Il lago di Weill nel 2033

A Nancy presentato con successo Der Silbersee di Kurt Weill e Georg Kaiser nell’allestimento di Ersan Mondtag ripreso da Anversa

Der Silbersee (Foto Jean-Louis Fernandez)
Der Silbersee (Foto Jean-Louis Fernandez)
Recensione
classica
Nancy, Opéra national de Lorraine
Der Silbersee
14 Aprile 2024 - 20 Aprile 2024

Anno 2033. Una troupe teatrale sta provando Der Silbersee (Il lago d’argento), dramma dal contenuto sociale di Georg Kaiser con musiche di Kurt Weill. È passato un secolo da quando, a sole poche recite dal debutto in contemporanea a Lipsia e Magdeburgo il 18 febbraio 1933, il neoregime nazionalsocialista fa cancellare questo “bastardo musicale” dai cartelloni dei teatri del Reich. Un secolo dopo, con l’estrema destra in ascesa in tutta Europa, il nemico è di nuovo alle porte e la minaccia di una nuova chiusura incombe… È lo spunto dello spettacolo allestito da Ersan Mondtag già nel 2021 per l’apertura di stagione all’Opera delle Fiandre ad Anversa e ripreso in questa stagione all’Opéra national de Lorraine di Nancy con un cast quasi completamente rinnovato, a soli pochi mesi dal Silbersee allestito da Calixto Bieito per Nationaltheater di Mannheim.

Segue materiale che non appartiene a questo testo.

(* Let $n\ge2$, $1\le i\le n$, $\epsilon\in\{0,1\}$, and let $p$ denote the quotient maps $\sqcap^n_{i,\epsilon}\to\widehat{\sqcap}^n_{i,\epsilon}$ and $\square^n\to\widehat{\square}^n_{i,\epsilon}$. Let $a,b$ be vertices of $\square^n$ such that $a\neq\{i\}$ if $\epsilon=1$, and $b\neq\{1,\dots,n\}\setminus\{i\}$ if $\epsilon=0$. Then the maps \[\mathfrak{C}^{\square}(p):\mathfrak{C}^{\square}(\sqcap^n_{i,\epsilon})(a,b)\to\mathfrak{C}^{\square}(\widehat{\sqcap}^n_{i,\epsilon})(pa,pb)\quad\text{and}\quad\mathfrak{C}^{\square}(p):\mathfrak{C}^{\square}(\square^n)(a,b)\to\mathfrak{C}^{\square}(\widehat{\square}^n_{i,\epsilon})(pa,pb)\] are isomorphisms of simplicial sets.
   Context: Cubical sets: presheaves on the category $\square$ with objects $[1]^n$ and morphisms generated by faces $\partial_{i,\epsilon}$ (insert $\epsilon$ at coordinate $i$), degeneracies (delete a coordinate) and negative connections ($\gamma_{i,0}$ replaces $(x_i,x_{i+1})$ by $\max(x_i,x_{i+1})$); $\square^n$ is representable; its vertices are subsets of $\{1,\dots,n\}$ (a vertex is the set of coordinates equal to $1$). Boxes: $\sqcap^n_{i,\epsilon}\subseteq\square^n$ is the union of all codimension-one faces of $\square^n$ except the image of $\partial_{i,\epsilon}$. The critical edge $e_{i,\epsilon}$ is the edge from $\emptyset$ to $\{i\}$ if $\epsilon=1$, and from $\{1,\dots,n\}\setminus\{i\}$ to $\{1,\dots,n\}$ if $\epsilon=0$. $\widehat{\square}^n_{i,\epsilon}$ and $\widehat{\sqcap}^n_{i,\epsilon}$ are the quotients of $\square^n$ and $\sqcap^n_{i,\epsilon}$ collapsing the critical edge to a point. Rigidification: $I_m$ is $m$ copies of $\square^1$ glued end to start (with distinguished endpoints); $\mathbb{I}_{k,m}$ is $I_k,\square^2,I_{m-2-k}$ glued end to start through $\emptyset,\{1,2\}$ of $\square^2$; $s_{k,m},t_{k,m}:I_m\to\mathbb{I}_{k,m}$ are the identity on the other edges and send edges $k+1,k+2$ to $\emptyset\to\{2\}\to\{1,2\}$, resp. $\emptyset\to\{1\}\to\{1,2\}$. For a cubical set $S$ with vertices $a,b$, $\mathfrak{C}^{\square}_{path}(S)(a,b)$ is the set of maps $I_m\to S$ sending endpoints to $a,b$, modulo the equivalence generated by $\gamma\sim\gamma'\circ h$ ($h$ endpoint-preserving), preordered by the reflexive-transitive closure of $[F\circ s_{k,m}]\leadsto[F\circ t_{k,m}]$; concatenation gives a preorder-enriched category. $\mathfrak{C}^{\square}$ is the left Kan extension along Yoneda of $[1]^n\mapsto N(\mathfrak{C}^{\square}_{path}(\square^n))$ (nerve homwise); objects of $\mathfrak{C}^{\square}(S)$ are the vertices of $S$. *)

theory Defs
  imports Main
begin

text \<open>A vertex of [1]^n is the set of coordinates (in {1..n}) equal to 1.
  A morphism [1]^m -> [1]^n of the cube category is represented by its
  (faithful) action on vertices, extended by {} outside Pow {1..m}.\<close>

type_synonym vmap = "nat set \<Rightarrow> nat set"

definition rest :: "nat \<Rightarrow> vmap \<Rightarrow> vmap" where
  "rest m f = (\<lambda>A. if A \<subseteq> {1..m} then f A else {})"

text \<open>face i e : [1]^(n-1) -> [1]^n inserts e at coordinate i.\<close>
definition face :: "nat \<Rightarrow> bool \<Rightarrow> vmap" where
  "face i e A = {j\<in>A. j < i} \<union> Suc ` {j\<in>A. i \<le> j} \<union> (if e then {i} else {})"

text \<open>degen i : [1]^n -> [1]^(n-1) deletes coordinate i.\<close>
definition degen :: "nat \<Rightarrow> vmap" where
  "degen i A = {j\<in>A. j < i} \<union> (\<lambda>j. j - 1) ` {j\<in>A. i < j}"

text \<open>conn i (negative connection gamma_{i,0}) : [1]^n -> [1]^(n-1)
  replaces (x_i, x_(i+1)) by max(x_i, x_(i+1)).\<close>
definition conn :: "nat \<Rightarrow> vmap" where
  "conn i A = {j\<in>A. j < i} \<union> (if i \<in> A \<or> Suc i \<in> A then {i} else {})
      \<union> (\<lambda>j. j - 1) ` {j\<in>A. Suc i < j}"

inductive cmor :: "nat \<Rightarrow> nat \<Rightarrow> vmap \<Rightarrow> bool" where
  cid: "cmor m m (rest m id)"
| cface: "cmor l m f \<Longrightarrow> 1 \<le> i \<Longrightarrow> i \<le> Suc m \<Longrightarrow> cmor l (Suc m) (rest l (face i e \<circ> f))"
| cdegen: "cmor l (Suc m) f \<Longrightarrow> 1 \<le> i \<Longrightarrow> i \<le> Suc m \<Longrightarrow> cmor l m (rest l (degen i \<circ> f))"
| cconn: "cmor l (Suc (Suc m)) f \<Longrightarrow> 1 \<le> i \<Longrightarrow> i \<le> Suc m \<Longrightarrow> cmor l (Suc m) (rest l (conn i \<circ> f))"

text \<open>A cubical set: cells in each dimension, and the action
  act m m' f : S_m' -> S_m of a cube morphism f : [1]^m -> [1]^m'.\<close>
type_synonym 'a cset = "(nat \<Rightarrow> 'a set) \<times> (nat \<Rightarrow> nat \<Rightarrow> vmap \<Rightarrow> 'a \<Rightarrow> 'a)"

definition cells :: "'a cset \<Rightarrow> nat \<Rightarrow> 'a set" where "cells S = fst S"
definition act :: "'a cset \<Rightarrow> nat \<Rightarrow> nat \<Rightarrow> vmap \<Rightarrow> 'a \<Rightarrow> 'a" where "act S = snd S"

definition cube :: "nat \<Rightarrow> vmap cset" where
  "cube n = ((\<lambda>m. {f. cmor m n f}), (\<lambda>m m' f x. rest m (x \<circ> f)))"

definition box :: "nat \<Rightarrow> nat \<Rightarrow> bool \<Rightarrow> vmap cset" where
  "box n i e = ((\<lambda>m. {f. cmor m n f \<and> (\<exists>j d g. 1 \<le> j \<and> j \<le> n \<and> (j, d) \<noteq> (i, e)
                     \<and> cmor m (n - 1) g \<and> f = rest m (face j d \<circ> g))}),
                (\<lambda>m m' f x. rest m (x \<circ> f)))"

definition crit :: "nat \<Rightarrow> nat \<Rightarrow> bool \<Rightarrow> vmap" where
  "crit n i e = (if e then rest 1 (\<lambda>A. if 1 \<in> A then {i} else {})
                 else rest 1 (\<lambda>A. if 1 \<in> A then {1..n} else {1..n} - {i}))"

text \<open>The m-cells in the image of the critical edge (collapsed to a single cell).\<close>
definition collapsed :: "nat \<Rightarrow> nat \<Rightarrow> bool \<Rightarrow> nat \<Rightarrow> vmap set" where
  "collapsed n i e m = {rest m (crit n i e \<circ> y) | y. cmor m 1 y}"

definition qcls :: "'a set \<Rightarrow> 'a \<Rightarrow> 'a set" where
  "qcls C x = (if x \<in> C then C else {x})"

text \<open>Quotient of a cubical set collapsing the subcomplex C to a point
  (pushout along C -> point).\<close>
definition quot :: "'a cset \<Rightarrow> (nat \<Rightarrow> 'a set) \<Rightarrow> 'a set cset" where
  "quot S C = ((\<lambda>m. qcls (C m) ` cells S m),
               (\<lambda>m m' f c. qcls (C m) (act S m m' f (SOME x. x \<in> c))))"

definition cube_hat :: "nat \<Rightarrow> nat \<Rightarrow> bool \<Rightarrow> vmap set cset" where
  "cube_hat n i e = quot (cube n) (collapsed n i e)"

definition box_hat :: "nat \<Rightarrow> nat \<Rightarrow> bool \<Rightarrow> vmap set cset" where
  "box_hat n i e = quot (box n i e) (collapsed n i e)"

definition qmap :: "nat \<Rightarrow> nat \<Rightarrow> bool \<Rightarrow> nat \<Rightarrow> vmap \<Rightarrow> vmap set" where
  "qmap n i e m = qcls (collapsed n i e m)"

definition vtx :: "nat set \<Rightarrow> vmap" where
  "vtx A = rest 0 (\<lambda>_. A)"

text \<open>A map I_m -> square^N (by Yoneda) is a composable list of m 1-cells;
  the source / target of a 1-cell e are e {} and e {1}.\<close>
definition is_path :: "nat \<Rightarrow> nat set \<Rightarrow> nat set \<Rightarrow> vmap list \<Rightarrow> bool" where
  "is_path N u w es \<longleftrightarrow> u \<subseteq> {1..N} \<and> w \<subseteq> {1..N} \<and> (\<forall>e\<in>set es. cmor 1 N e) \<and>
     (if es = [] then u = w
      else hd es {} = u \<and> last es {1} = w \<and>
           (\<forall>j. Suc j < length es \<longrightarrow> (es ! j) {1} = (es ! Suc j) {}))"

text \<open>gamma ~ gamma' o h for endpoint-preserving h : I_m -> I_m' amounts to
  inserting degenerate edges.\<close>
definition pins :: "nat \<Rightarrow> nat set \<Rightarrow> nat set \<Rightarrow> (vmap list \<times> vmap list) set" where
  "pins N u w = {(es, es'). is_path N u w es \<and> is_path N u w es' \<and>
      (\<exists>ps qs v. es = ps @ qs \<and> es' = ps @ [rest 1 (\<lambda>_. v)] @ qs)}"

definition pequiv :: "nat \<Rightarrow> nat set \<Rightarrow> nat set \<Rightarrow> (vmap list \<times> vmap list) set" where
  "pequiv N u w = (pins N u w \<union> (pins N u w)\<inverse>)\<^sup>*"

text \<open>[F o s_{k,m}] ~> [F o t_{k,m}] for F : II_{k,m} -> square^N with 2-cell s.\<close>
definition pstep :: "nat \<Rightarrow> nat set \<Rightarrow> nat set \<Rightarrow> (vmap list \<times> vmap list) set" where
  "pstep N u w = {(es, es'). is_path N u w es \<and> is_path N u w es' \<and>
      (\<exists>ps qs s. cmor 2 N s \<and>
         es = ps @ [rest 1 (s \<circ> face 1 False), rest 1 (s \<circ> face 2 True)] @ qs \<and>
         es' = ps @ [rest 1 (s \<circ> face 2 False), rest 1 (s \<circ> face 1 True)] @ qs)}"

definition pleq :: "nat \<Rightarrow> nat set \<Rightarrow> nat set \<Rightarrow> (vmap list \<times> vmap list) set" where
  "pleq N u w = (pequiv N u w \<union> pstep N u w)\<^sup>*"

text \<open>k-simplices of the nerve of C_path(square^N)(u,w), by representatives
  (identified below up to pointwise path equivalence).\<close>
definition nsimp :: "nat \<Rightarrow> nat set \<Rightarrow> nat set \<Rightarrow> nat \<Rightarrow> vmap list list \<Rightarrow> bool" where
  "nsimp N u w k gs \<longleftrightarrow> length gs = Suc k \<and> (\<forall>g\<in>set gs. is_path N u w g) \<and>
      (\<forall>j<k. (gs ! j, gs ! Suc j) \<in> pleq N u w)"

Nonostante Mondtag riconosca a questo lavoro una “modernità bruciante”, la chiave scelta per questo spettacolo è quella del teatro nel teatro tendenza farsa, più o meno come nel cabaret berlinese secondo Barrie Kosky. Determinante è, come già ad Anversa, la presenza di Benny Claessens nel ruolo chiave del poliziotto Olim, che, pentito per aver ferito Severin, l’autore del furto di un ananas, ne diventa suo benefattore quando vince una favolosa vincita alla lotteria e compra il castello dei von Luber. Debordante, eccessivo, istrionico fino al parossismo, Claessens finisce per essere il vero motore dello spettacolo, grazie a un indubbio talento comico e alla formidabile versatilità (anche linguistica). Invecchiato piuttosto male, il testo di Georg Kaiser viene notevolmente snellito nell’adattamento di Till Briegleb e Piet De Volder, riproposto a Nancy nella traduzione francese di Ruth Orthmann. Dell’originale non restano che la trama e i testi dei numeri musicali proposti nel tedesco originale.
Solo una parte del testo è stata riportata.